Various new downhole technologies allow companies to optimize the production of petroleum resources from wells with more complex geometries and producing horizons that are in deeper water, coal beds, deeper and tighter formations, and accumulations containing heavier oil or bitumen.
These technologies include new production logging tools, intelligent completions, downhole pumps, expandable tubulars, frac fluids, and other completion technologies.
Production logs
Production logs collect data under dynamic conditions, so that an operator can determine the location and type of fluid entering the wellbore at various times during the life of a well. The logs also serve in diagnosing any mechanical problems with the wellbore such as scaling or casing corrosion.

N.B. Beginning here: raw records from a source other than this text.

lemma linear_basis_extension: "linear (basis_extension h)"
  by (rule linearI)
    (simp_all add: basis_extension_def inner_add_left scaleR_add_left sum.distrib scaleR_sum_right)

lemma bounded_linear_basis_extension: "bounded_linear (basis_extension h)"
  using linear_basis_extension linear_linear by blast

lemma borel_measurable_basis_extension: "basis_extension h \<in> borel_measurable borel"
  by (intro borel_measurable_continuous_onI linear_continuous_on bounded_linear_basis_extension)

lemma basis_extension_Basis:
  assumes "b \<in> Basis"
  shows "basis_extension h b = h b"
proof -
  have "basis_extension h b = (\<Sum>b'\<in>Basis. if b' = b then h b else 0)"
    unfolding basis_extension_def using assms by (intro sum.cong) (auto simp: inner_Basis)
  then show ?thesis using assms by simp
qed

lemma basis_extension_inner_image:
  assumes h: "bij_betw h Basis Basis" and b: "b \<in> Basis"
  shows "basis_extension h z \<bullet> h b = z \<bullet> b"
proof -
  have "basis_extension h z \<bullet> h b = (\<Sum>b'\<in>Basis. (z \<bullet> b') * (h b' \<bullet> h b))"
    by (simp add: basis_extension_def inner_sum_left)
  also have "\<dots> = (\<Sum>b'\<in>Basis. if b' = b then z \<bullet> b else 0)"
  proof (rule sum.cong)
    fix b' :: 'a assume "b' \<in> Basis"
    moreover have "h b' \<in> Basis" "h b \<in> Basis" "h b' = h b \<longleftrightarrow> b' = b"
      using h b \<open>b' \<in> Basis\<close> by (auto simp: bij_betw_def inj_on_def)
    ultimately show "(z \<bullet> b') * (h b' \<bullet> h b) = (if b' = b then z \<bullet> b else 0)"
      by (simp add: inner_Basis)
  qed simp
  finally show ?thesis using b by simp
qed

lemma basis_extension_inner:
  assumes "bij_betw h Basis Basis"
  shows "basis_extension h z \<bullet> basis_extension h w = z \<bullet> w"
proof -
  have "basis_extension h z \<bullet> basis_extension h w
      = (\<Sum>b'\<in>Basis. (basis_extension h z \<bullet> b') * (basis_extension h w \<bullet> b'))"
    by (rule euclidean_inner)
  also have "\<dots> = (\<Sum>b\<in>Basis. (basis_extension h z \<bullet> h b) * (basis_extension h w \<bullet> h b))"
    by (rule sum.reindex_bij_betw[OF assms, symmetric])
  also have "\<dots> = z \<bullet> w"
    by (simp add: basis_extension_inner_image[OF assms] euclidean_inner[of z w])
  finally show ?thesis .
qed

lemma basis_extension_inv_into_inner:
  assumes h: "bij_betw h Basis Basis" and b: "b \<in> Basis"
  shows "basis_extension (inv_into Basis h) u \<bullet> b = u \<bullet> h b"
proof -
  have "h b \<in> Basis" and "inv_into Basis h (h b) = b"
    using h b by (auto simp: bij_betw_def)
  then show ?thesis
    using basis_extension_inner_image[OF bij_betw_inv_into[OF h], of "h b" u] by simp
qed
lemma connected_in_if_closed_under_parent:
  assumes "C \<subseteq> subtree x" "\<And>v. v \<in> C \<Longrightarrow> v \<noteq> x \<Longrightarrow> parent v \<in> C"
  shows "connected_in E C"
proof (rule connected_in_if_walks_to)
  fix v assume "v \<in> C"
  then obtain k where "(parent ^^ k) v = x"
    using assms(1) by (auto simp: subtree_def)
  then show "\<exists>xs. walk_in E C xs \<and> hd xs = v \<and> last xs = x"
    using walk_up_to[OF assms(2)] assms(1) subtree_subset \<open>v \<in> C\<close> by blast
qed

lemma connected_subtree: "connected_in E (subtree x)"
  by (rule connected_in_if_closed_under_parent) (auto intro: parent_in_subtree)

definition subtree_cut :: "nat \<Rightarrow> nat \<Rightarrow> nat set" where
  "subtree_cut c d = {v \<in> subtree (parent c). v \<in> subtree c \<longrightarrow> depth v < d}"

lemma connected_subtree_cut: "connected_in E (subtree_cut c d)"
proof (rule connected_in_if_closed_under_parent)
  show "subtree_cut c d \<subseteq> subtree (parent c)"
    by (auto simp: subtree_cut_def)
  fix v assume v: "v \<in> subtree_cut c d" "v \<noteq> parent c"
  then have "v \<in> U"
    using subtree_subset by (auto simp: subtree_cut_def)
  then show "parent v \<in> subtree_cut c d"
    using v parent_in_subtree child_in_subtree depth_parent_le[of v]
    by (fastforce simp: subtree_cut_def)
qed

definition categories :: "nat set set" where
  "categories = {subtree c | c. c \<in> U \<and> c \<noteq> r}
     \<union> {subtree_cut c d | c d. c \<in> U \<and> c \<noteq> r \<and> d \<le> diam U E}"

lemma categories_subset_Pow: "categories \<subseteq> Pow U"
  using subtree_subset by (auto simp: categories_def subtree_cut_def)

lemma internally_connected_categories: "internally_connected E categories"
  by (auto simp: internally_connected_def categories_def connected_subtree connected_subtree_cut)

lemma child_towards_descendant:
  assumes "t \<in> subtree s" "t \<noteq> s"
  obtains c where "c \<in> U" "c \<noteq> r" "parent c = s" "t \<in> subtree c"
proof -
  obtain k where "t \<in> U" "(parent ^^ k) t = s"
    using assms(1) by (auto simp: subtree_def)
  then have "\<exists>c. c \<in> U \<and> c \<noteq> r \<and> parent c = s \<and> t \<in> subtree c"
    using assms(2)
  proof (induction k arbitrary: t)
    case (Suc k)
    show ?case
    proof (cases "parent t = s")
      case True
      then have "t \<noteq> r"
        using Suc.prems(3) by auto
      then show ?thesis
        using True Suc.prems(1) self_in_subtree by blast
    next
      case False
      have "(parent ^^ k) (parent t) = s"
        using Suc.prems(2) by (simp only: funpow_Suc_parent)
      then obtain c where "c \<in> U" "c \<noteq> r" "parent c = s" "parent t \<in> subtree c"
        using Suc.IH[of "parent t"] Suc.prems(1) False parent_in_U by blast
      then show ?thesis
        using Suc.prems(1) child_in_subtree by blast
    qed
  qed simp
  with that show ?thesis
    by blast
qed

lemma branch_separating:
  assumes "s \<in> U" "t \<in> U" "t \<notin> subtree s"
  obtains c where "c \<in> U" "c \<noteq> r" "s \<in> subtree c" "t \<notin> subtree c" "t \<in> subtree (parent c)"
proof -
  have "t \<in> subtree ((parent ^^ depth s) s)"
    using assms(1,2) funpow_parent_depth in_subtree_root by simp
  then have "\<exists>c. c \<in> U \<and> c \<noteq> r \<and> s \<in> subtree c \<and> t \<notin> subtree c \<and> t \<in> subtree (parent c)"
    using assms(1,3)
  proof (induction "depth s" arbitrary: s)
    case 0
    then show ?case
      by simp
  next
    case (Suc k)
    show ?case
    proof (cases "t \<in> subtree (parent s)")
      case True
      then have "s \<noteq> r"
        using Suc.prems(3) by auto
      then show ?thesis
        using True Suc.prems(2,3) self_in_subtree by blast
    next
      case False
      have "s \<noteq> r"
        using Suc.hyps(2) by force
      then have ps: "parent s \<in> U" "depth (parent s) = k"
        using Suc.prems(2) Suc.hyps(2) parent_nonroot[of s] by auto
      then have "t \<in> subtree ((parent ^^ depth (parent s)) (parent s))"
        using Suc.prems(1) Suc.hyps(2)[symmetric] by (simp only: funpow_Suc_parent)
      then obtain c where "c \<in> U" "c \<noteq> r" "parent s \<in> subtree c" "t \<notin> subtree c"
          "t \<in> subtree (parent c)"
        using Suc.hyps(1)[of "parent s"] ps False by blast
      then show ?thesis
        using Suc.prems(2) child_in_subtree by blast
    qed
  qed
  with that show ?thesis
    by blast
qed

lemma shattered_categories: "shattered U E categories"
  unfolding shattered_def
proof (intro ballI impI)
  fix s t assume st: "s \<in> U" "t \<in> U" "s \<noteq> t"
  show "\<exists>u\<in>nbrs E s. \<exists>C\<in>categories. u \<in> C \<and> t \<in> C \<and> s \<notin> C"
  proof (cases "t \<in> subtree s")
    case True
    then obtain c where c: "c \<in> U" "c \<noteq> r" "parent c = s" "t \<in> subtree c"
      using child_towards_descendant st(3) by metis
    have "s \<notin> subtree c"
      using depth_le_if_in_subtree parent_nonroot(3)[OF c(1,2)] c(3) by fastforce
    moreover have "c \<in> nbrs E s"
      using parent_nonroot(2)[OF c(1,2)] c(3) by (simp add: nbrs_def adj_sym)
    moreover have "subtree c \<in> categories"
      using c by (auto simp: categories_def)
    ultimately show ?thesis
      using c self_in_subtree by blast
  next
    case False
    then obtain c where c: "c \<in> U" "c \<noteq> r" "s \<in> subtree c" "t \<notin> subtree c"
        "t \<in> subtree (parent c)"
      using branch_separating st(1,2) by metis
    have "s \<noteq> r"
      using False in_subtree_root st(2) by blast
    let ?C = "subtree_cut c (depth s)"
    have "?C \<in> categories"
      using c depth_le_diam st(1) by (auto simp: categories_def)
    moreover have "s \<notin> ?C" "t \<in> ?C"
      using c by (auto simp: subtree_cut_def)
    moreover have "parent s \<in> ?C"
      using parent_nonroot(3)[OF st(1) \<open>s \<noteq> r\<close>] parent_in_subtree_parent[OF c(3)]
      by (auto simp: subtree_cut_def)
    moreover have "parent s \<in> nbrs E s"
      using parent_nonroot(2)[OF st(1) \<open>s \<noteq> r\<close>] by (simp add: nbrs_def)
    ultimately show ?thesis
      by blast
  qed
qed

definition children :: "nat \<Rightarrow> nat set" where
  "children v = {w \<in> U. adj E v w \<and> depth w = Suc (depth v)}"

lemma in_children_parent: "c \<in> U \<Longrightarrow> c \<noteq> r \<Longrightarrow> c \<in> children (parent c)"
  using parent_nonroot[of c] by (simp add: children_def adj_sym)

lemma ancestor_within_diam:
  assumes "u \<in> subtree x"
  obtains i where "i \<le> diam U E" "(parent ^^ i) u = x"
proof -
  obtain k where "u \<in> U" "(parent ^^ k) u = x"
    using assms by (auto simp: subtree_def)
  then obtain i where "i \<le> depth u" "(parent ^^ i) u = x"
    by (rule funpow_parent_le_depth)
  then show ?thesis
    using that depth_le_diam[OF \<open>u \<in> U\<close>] le_trans by blast
qed

lemma cat_categories_subset:
  defines "D \<equiv> diam U E"
  shows "cat categories u \<subseteq> (\<lambda>i. subtree ((parent ^^ i) u)) ` {..D}
    \<union> (\<lambda>(i, c, d). subtree_cut c d) ` (SIGMA i:{..D}. children ((parent ^^ i) u) \<times> {..D})"
proof
  fix C assume "C \<in> cat categories u"
  then have u: "u \<in> C" and "C \<in> categories"
    by (auto simp: cat_def)
  then consider c where "C = subtree c"
    | c d where "C = subtree_cut c d" "c \<in> U" "c \<noteq> r" "d \<le> D"
    by (auto simp: categories_def D_def)
  then show "C \<in> (\<lambda>i. subtree ((parent ^^ i) u)) ` {..D}
    \<union> (\<lambda>(i, c, d). subtree_cut c d) ` (SIGMA i:{..D}. children ((parent ^^ i) u) \<times> {..D})"
  proof cases
    case (1 c)
    then obtain i where "i \<le> D" "(parent ^^ i) u = c"
      using u ancestor_within_diam unfolding D_def by metis
    then show ?thesis
      using 1 by auto
  next
    case (2 c d)
    then have "u \<in> subtree (parent c)"
      using u by (simp add: subtree_cut_def)
    then obtain i where "i \<le> D" "(parent ^^ i) u = parent c"
      using ancestor_within_diam unfolding D_def by metis
    then have "(i, c, d) \<in> (SIGMA i:{..D}. children ((parent ^^ i) u) \<times> {..D})"
      using 2 in_children_parent by auto
    then show ?thesis
      using 2 by force
  qed
qed

lemma card_cat_categories_le:
  assumes children_le: "\<And>v. v \<in> U \<Longrightarrow> card (children v) \<le> b"
    and "u \<in> U"
  defines "D \<equiv> diam U E"
  shows "card (cat categories u) \<le> (D + 1) * (1 + b * (D + 1))"
proof -
  let ?I = "SIGMA i:{..D}. children ((parent ^^ i) u) \<times> {..D}"
  let ?F1 = "(\<lambda>i. subtree ((parent ^^ i) u)) ` {..D}"
  let ?F2 = "(\<lambda>(i, c, d). subtree_cut c d) ` ?I"
  have finite_children: "finite (children v)" for v
    using finite_U by (simp add: children_def)
  have "card ?I = (\<Sum>i\<le>D. card (children ((parent ^^ i) u)) * (D + 1))"
    using finite_children by (simp add: card_SigmaI card_cartesian_product)
  also have "\<dots> \<le> (\<Sum>i\<le>D. b * (D + 1))"
    using children_le funpow_parent_in_U[OF \<open>u \<in> U\<close>] by (intro sum_mono mult_le_mono1) auto
  finally have "card ?I \<le> (D + 1) * (b * (D + 1))"
    by simp
  moreover have "finite ?I"
    using finite_children by auto
  ultimately have "card ?F2 \<le> (D + 1) * (b * (D + 1))"
    using card_image_le[of ?I] le_trans by blast
  moreover have "card ?F1 \<le> D + 1"
    using card_image_le[of "{..D}"] by simp
  ultimately have "card (?F1 \<union> ?F2) \<le> (D + 1) * (1 + b * (D + 1))"
    using card_Un_le[of ?F1 ?F2] by (simp add: distrib_left)
  moreover have "card (cat categories u) \<le> card (?F1 \<union> ?F2)"
    using cat_categories_subset finite_children unfolding D_def by (intro card_mono) auto
  ultimately show ?thesis
    by linarith
qed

For nearly vertical wells, production log interpretation of flow is relatively straightforward. Tools run include spinners to determine total flow velocity, single-point pressure and temperature measurements, and differential pressure measurements to establish fluid density, and capacitance meters to account for water hold-up. Flow in vertical wells typically is uniform across the wellbore.
But in deviated wells, the flow patterns become more complex, especially in wells producing multiphase fluids. Problems include low and high points in the wellbore that may cause fluids to stagnate and gravity segregation of fluid phases across the cross-section of a well.
Flow profiling in a horizontal wellbore requires tools to identify the cross-sectional area of each phase or hold-up and then to determine the velocity of each phase.
Traditional instruments for determining fluid density, such as a gradiomanometers, do not provide usable data in wells with greater than 60° deviation because the close spacing between the two ports in the tool results in both ports reading the same pressure.
The more complicated well geometries in nonvertical wells and the resulting complex flow regimes require new measurement tools for analyzing the oil, gas, and water phases.
To exemplify some of the tools now available, Fig. 1 shows tools offered by Schlumberger Oilfield Services.
The tools include a sonde for obtaining gamma ray and casing collar locator data for correlation, plus pressure and temperature measurements.
The flow-caliper imaging tool measures the average fluid velocity, water and hydrocarbon hold-ups, and bubble count from four independent probes. It also provides dual-axis X-Y caliper measurements and relative bearing measurements.
The bubble count image from the FloView hold-up measurement tool probes identifies the first fluid entry.
The gas hold-up optical sensor tool (GHOST) measures gas and liquid hold-ups with four sapphire optical probes (Fig. 2). These measurements discriminate between liquid and gas, improving three-phase flow rate determination.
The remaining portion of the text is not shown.